Dois dias após o Palácio 17 de Julho publicar edital de licitação no valor estimado em R$ 1,5 milhão para a compra de gêneros alimentícios destinados ao tradicional Arraiá da Cidadania, o prefeito Neto (PP) admitiu publicamente que a situação financeira do município está longe de ser confortável.
Em entrevista concedida na manhã de quinta-feira (dia 12), o chefe do Executivo municipal revelou números preocupantes sobre as receitas que compõem o orçamento local.
“Eu não escondo de ninguém que a situação do município hoje não está muito boa”, afirmou Neto, que detalhou a queda significativa na arrecadação de tributos essenciais. “O ICMS [Imposto sobre Circulação de Mercadorias e Serviços], que é a maior receita nossa, nós recebemos, todos os meses, R$ 24 milhões, R$ 23 milhões, este mês eu recebi R$ 16 milhões. O ISS [Imposto Sobre Serviços] nosso alcançava a casa dos R$ 20 milhões, R$ 21 milhões, este mês eu recebi R$ 16 milhões”.
“Mesmo com todas as dificuldades financeiras, nós vamos nos virar. Aliás, estamos nos virando”, acrescentou o prefeito, destacando que a Prefeitura está em processo de cobrança ativa das dívidas municipais – entre elas, a da Unimed-VR, mencionada por ele próprio – e assegurando o compromisso de manter os salários dos servidores em dia.
Pão e circo
No entanto, a fala do prefeito destoou do recente edital publicado pela administração, que prevê a aquisição de mais de 130 mil unidades de alimentos e bebidas para abastecer o Arraiá da Cidadania – festa solidária que será realizada de 10 a 13 de julho, na Praça Brasil, na Vila Santa Cecília. Entre os itens previstos estão sete mil fardos de água sem gás, 15.260 unidades de leite condensado integral, 94 mil pães franceses e 120 mil refrigerantes caçulinha.
Criado em 2010, o Arraiá da Cidadania é um evento tradicional da cidade, com comidas típicas vendidas a preços populares (R$ 1,99), cuja renda é destinada a entidades beneficentes locais. No ano passado, a festa não foi realizada por recomendação da Justiça Eleitoral. Este ano, o prefeito confirmou a retomada da celebração, prometendo um evento “melhor do que nunca”.

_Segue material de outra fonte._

(* For the base family under the $\mathbf{c}$-weighted MaxWeight algorithm with $\|\boldsymbol\sigma^{(\epsilon)}\|^2\le\widetilde\sigma^2$, let $W_\perp(Q)=\|Q_{\perp\mathcal{K}_{\mathbf{c}}}\|_{\mathbf{c}}$ and $\Delta W_\perp(Q)=\big(W_\perp(Q(t+1))-W_\perp(Q(t))\big)\mathbb{1}\{Q(t)=Q\}$. There exist positive constants $\eta,\kappa,D$ and $\epsilon_0>0$, depending on $\widetilde\sigma,\boldsymbol\nu,A_{\max},\nu_{\min},\mathbf{c},n$ but not on $\epsilon$, such that for all $0<\epsilon\le\epsilon_0$: (i) $\mathbb{P}(|\Delta W_\perp(Q)|\le D)=1$ for all $Q$ (one may take $D=n\sqrt{c_{\max}}A_{\max}$); (ii) $\mathbb{E}[\Delta W_\perp(Q)\mid Q(t)=Q]\le-\eta$ for all $Q$ with $W_\perp(Q)\ge\kappa$.
   Context: Fix $n\ge2$ and $\mathbf{c}$ with all $c_{ij}>0$, $c_{\max}=\max c_{ij}$. $\langle x,y\rangle_{\mathbf{c}}=\sum_{ij}c_{ij}x_{ij}y_{ij}$, $\|x\|^2_{\mathbf{c}}=\langle x,x\rangle_{\mathbf{c}}$. $\mathcal{P}$: permutation matrices; $\mathcal{F}$: nonnegative matrices with unit row and column sums. $\mathcal{K}_{\mathbf{c}}=\{x:x_{ij}=(w_i+\tilde w_j)/c_{ij},\ w,\tilde w\in\mathbb{R}^n_+\}$; $x_{\parallel\mathcal{K}_{\mathbf{c}}}$ is the $\|\cdot\|_{\mathbf{c}}$-nearest point of $\mathcal{K}_{\mathbf{c}}$, $x_{\perp\mathcal{K}_{\mathbf{c}}}=x-x_{\parallel\mathcal{K}_{\mathbf{c}}}$. Dynamics: $Q(t+1)=Q(t)+A(t)-S(t)+U(t)$, $U_{ij}(t)=\max(0,S_{ij}(t)-Q_{ij}(t)-A_{ij}(t))$, $S(t)\in\arg\max_{s\in\mathcal{P}}\langle Q(t),s\rangle_{\mathbf{c}}$ with uniform random tie-breaking. Base family: arrivals $A^{(\epsilon)}_{ij}(t)\in\{0,\dots,A_{\max}\}$ independent over $(i,j),t$, i.i.d. in $t$, mean $(1-\epsilon)\boldsymbol\nu$, $\boldsymbol\nu$ in the relative interior of $\mathcal{F}$ with $\nu_{\min}=\min\nu_{ij}>0$, variance vector $(\boldsymbol\sigma^{(\epsilon)})^2$. *)

theory Defs
  imports "HOL-Analysis.Analysis" "HOL-Probability.Probability"
begin
(* Let $X$ be a real Hilbert space with closed unit ball $\mathcal B$, $\Omega\subseteq X$ a closed symmetric convex set, $V\subseteq X$ a subspace, and $R,Z,\lambda\ge1$. If (i) $\mathcal B/V\subseteq R(\Omega\cap\mathcal B)/V$ and (ii) $\Omega\cap V\subseteq Z\mathcal B$, then $(\Omega+\lambda\mathcal B)\cap V\subseteq Z(3R\lambda+1)\mathcal B$.
   Context: For $A\subseteq X$, $A/V=\{a+V:a\in A\}$; (i) means every element of $\mathcal B$ differs by an element of $V$ from some element of $R(\Omega\cap\mathcal B)$. *)

theory Defs
  imports "HOL-Analysis.Analysis"
begin

end

theory Submission
  imports Defs
begin

text \<open>Write a point of \<open>(\<Omega> + \<lambda>\<B>) \<inter> V\<close> as \<open>x = w + \<lambda>b\<close> and use (i) to pick \<open>u \<in> \<Omega> \<inter> \<B>\<close>
  with \<open>v = b - Ru \<in> V\<close>. Then \<open>s = w + \<lambda>Ru = x - \<lambda>v\<close> lies in \<open>V\<close>, and \<open>s/(1 + \<lambda>R)\<close> is a
  convex combination of \<open>w\<close> and \<open>u\<close>, hence lies in \<open>\<Omega> \<inter> V\<close>; by (ii), \<open>|s| \<le> Z(1 + \<lambda>R)\<close>.
  Together with \<open>|\<lambda>v| \<le> \<lambda>(1 + R) \<le> 2Z\<lambda>R\<close> this gives the bound.\<close>

lemma scaleR_image_cball_0_1:
  "c > 0 \<Longrightarrow> (\<lambda>y. c *\<^sub>R y) ` cball 0 1 = cball (0::'a::real_normed_vector) c"
  by (simp add: cball_scale)

lemma convex_normalized_add_scaleR_mem:
  assumes "convex \<Omega>" and "w \<in> \<Omega>" and "u \<in> \<Omega>" and "a \<ge> 0"
  shows "inverse (1 + a) *\<^sub>R (w + a *\<^sub>R u) \<in> \<Omega>"
proof -
  have "inverse (1 + a) *\<^sub>R (w + a *\<^sub>R u) = (1 / (1 + a)) *\<^sub>R w + (a / (1 + a)) *\<^sub>R u"
    by (simp add: algebra_simps divide_inverse)
  moreover have "1 / (1 + a) + a / (1 + a) = 1"
    using \<open>a \<ge> 0\<close> by (simp add: field_simps)
  ultimately show ?thesis
    using assms unfolding convex_def by (metis divide_nonneg_nonneg add_nonneg_nonneg zero_le_one)
qed

lemma norm_le_if_shift_in_subspace:
  fixes \<Omega> V :: "'a::real_normed_vector set"
  assumes "convex \<Omega>" and "subspace V" and "R \<ge> 0" and "lam \<ge> 0"
    and bound: "\<And>t. t \<in> \<Omega> \<inter> V \<Longrightarrow> norm t \<le> Z"
    and "w \<in> \<Omega>" and "u \<in> \<Omega>" and "norm u \<le> 1" and "norm b \<le> 1"
    and v: "b - R *\<^sub>R u \<in> V" and x: "w + lam *\<^sub>R b \<in> V"
  shows "norm (w + lam *\<^sub>R b) \<le> Z * (1 + lam * R) + lam * (1 + R)"
proof -
  define s where "s = w + (lam * R) *\<^sub>R u"
  have s_eq: "s = (w + lam *\<^sub>R b) - lam *\<^sub>R (b - R *\<^sub>R u)"
    unfolding s_def by (simp add: algebra_simps)
  have "s \<in> V"
    unfolding s_eq using \<open>subspace V\<close> v x by (simp add: subspace_diff subspace_scale)
  have pos: "1 + lam * R > 0"
    using \<open>R \<ge> 0\<close> \<open>lam \<ge> 0\<close> by (simp add: add_pos_nonneg)
  have "inverse (1 + lam * R) *\<^sub>R s \<in> \<Omega> \<inter> V"
    using convex_normalized_add_scaleR_mem[OF \<open>convex \<Omega>\<close> \<open>w \<in> \<Omega>\<close> \<open>u \<in> \<Omega>\<close>] \<open>s \<in> V\<close>
      \<open>subspace V\<close> \<open>R \<ge> 0\<close> \<open>lam \<ge> 0\<close>
    unfolding s_def by (simp add: subspace_scale)
  then have "norm (inverse (1 + lam * R) *\<^sub>R s) \<le> Z"
    using bound by blast
  then have "norm s / (1 + lam * R) \<le> Z"
    using pos by (simp add: divide_inverse mult.commute)
  then have norm_s: "norm s \<le> Z * (1 + lam * R)"
    using pos by (simp add: pos_divide_le_eq)
  have "norm (b - R *\<^sub>R u) \<le> 1 + R"
    using norm_triangle_ineq4[of b "R *\<^sub>R u"] mult_left_le[of "norm u" R]
      \<open>norm b \<le> 1\<close> \<open>norm u \<le> 1\<close> \<open>R \<ge> 0\<close>
    by simp
  then have "norm (lam *\<^sub>R (b - R *\<^sub>R u)) \<le> lam * (1 + R)"
    using \<open>lam \<ge> 0\<close> by (simp add: mult_left_mono)
  moreover have "norm (w + lam *\<^sub>R b) \<le> norm s + norm (lam *\<^sub>R (b - R *\<^sub>R u))"
    using norm_triangle_ineq[of s "lam *\<^sub>R (b - R *\<^sub>R u)"] unfolding s_eq by simp
  ultimately show ?thesis
    using norm_s by linarith
qed

theorem lemma9p11:
  fixes \<Omega> V :: "'a::{real_inner, complete_space} set"
    and R Z lam :: real
  assumes "closed \<Omega>" and "\<And>x. x \<in> \<Omega> \<Longrightarrow> - x \<in> \<Omega>" and "convex \<Omega>"
    and "subspace V"
    and "R \<ge> 1" and "Z \<ge> 1" and "lam \<ge> 1"
    and i: "\<forall>b \<in> cball 0 1. \<exists>w \<in> (\<lambda>y. R *\<^sub>R y) ` (\<Omega> \<inter> cball 0 1). b - w \<in> V"
    and ii: "\<Omega> \<inter> V \<subseteq> (\<lambda>y. Z *\<^sub>R y) ` cball 0 1"
  shows "{w + lam *\<^sub>R b | w b. w \<in> \<Omega> \<and> b \<in> cball 0 1} \<inter> V
           \<subseteq> (\<lambda>y. (Z * (3 * R * lam + 1)) *\<^sub>R y) ` cball 0 1"
proof
  fix x assume "x \<in> {w + lam *\<^sub>R b | w b. w \<in> \<Omega> \<and> b \<in> cball 0 1} \<inter> V"
  then obtain w b where x: "x = w + lam *\<^sub>R b" and "w + lam *\<^sub>R b \<in> V"
    and "w \<in> \<Omega>" "b \<in> cball 0 1"
    by auto
  with i obtain u where "u \<in> \<Omega> \<inter> cball 0 1" "b - R *\<^sub>R u \<in> V"
    by blast
  moreover have "\<And>t. t \<in> \<Omega> \<inter> V \<Longrightarrow> norm t \<le> Z"
    using ii \<open>Z \<ge> 1\<close> by (auto simp: scaleR_image_cball_0_1)
  ultimately have norm_x: "norm x \<le> Z * (1 + lam * R) + lam * (1 + R)"
    unfolding x using \<open>w \<in> \<Omega>\<close> \<open>b \<in> cball 0 1\<close> \<open>w + lam *\<^sub>R b \<in> V\<close> \<open>R \<ge> 1\<close> \<open>lam \<ge> 1\<close>
    by (intro norm_le_if_shift_in_subspace[OF \<open>convex \<Omega>\<close> \<open>subspace V\<close>]) auto
  have "lam * (1 + R) \<le> (2 * R * lam) * 1"
    using \<open>R \<ge> 1\<close> \<open>lam \<ge> 1\<close> by (simp add: algebra_simps)
  also have "\<dots> \<le> (2 * R * lam) * Z"
    using \<open>R \<ge> 1\<close> \<open>Z \<ge> 1\<close> \<open>lam \<ge> 1\<close> by (intro mult_left_mono) auto
  finally have "norm x \<le> Z * (3 * R * lam + 1)"
    using norm_x by (simp add: algebra_simps)
  moreover have "Z * (3 * R * lam + 1) > 0"
    using \<open>R \<ge> 1\<close> \<open>Z \<ge> 1\<close> \<open>lam \<ge> 1\<close> by (simp add: add_pos_pos)
  ultimately show "x \<in> (\<lambda>y. (Z * (3 * R * lam + 1)) *\<^sub>R y) ` cball 0 1"
    by (simp add: scaleR_image_cball_0_1)
qed

end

Especialistas em finanças públicas, porém, apontam a contradição entre o discurso do prefeito sobre crise fiscal e o gasto expressivo para uma festa popular, questionando a prioridade dada à administração municipal frente ao cenário econômico adverso.
“O que a população precisa agora é de responsabilidade fiscal e transparência, não de gastos milionários em eventos enquanto serviços essenciais sofrem cortes”, afirmou o eletricista Pedro Antônio, morador da cidade. “Essa licitação mostra que o prefeito está distante da realidade das contas públicas”.
Para o professor universitário Rafael Lima, “a queda nas receitas é real e preocupante, mas isso exige uma reavaliação rigorosa das prioridades orçamentárias. Gastar R$ 1,5 milhão em alimentos para uma festa, mesmo que solidária, em um momento de crise, pode ser encarado como falta de critério”.
Atrações
O Arraiá da Cidadania, além de oferecer pratos típicos como pizza frita, cachorro-quente, salsichão, canjiquinha e feijão amigo, deve contar com atrações culturais, cujos detalhes serão divulgados pela prefeitura em breve.
A administração municipal, por sua vez, argumenta que o evento tem caráter social e representa uma importante fonte de arrecadação para as entidades assistenciais do município. Apesar das dificuldades financeiras, a gestão aposta no evento como ferramenta de mobilização solidária, ao mesmo tempo em que tenta equilibrar as contas públicas sob pressão.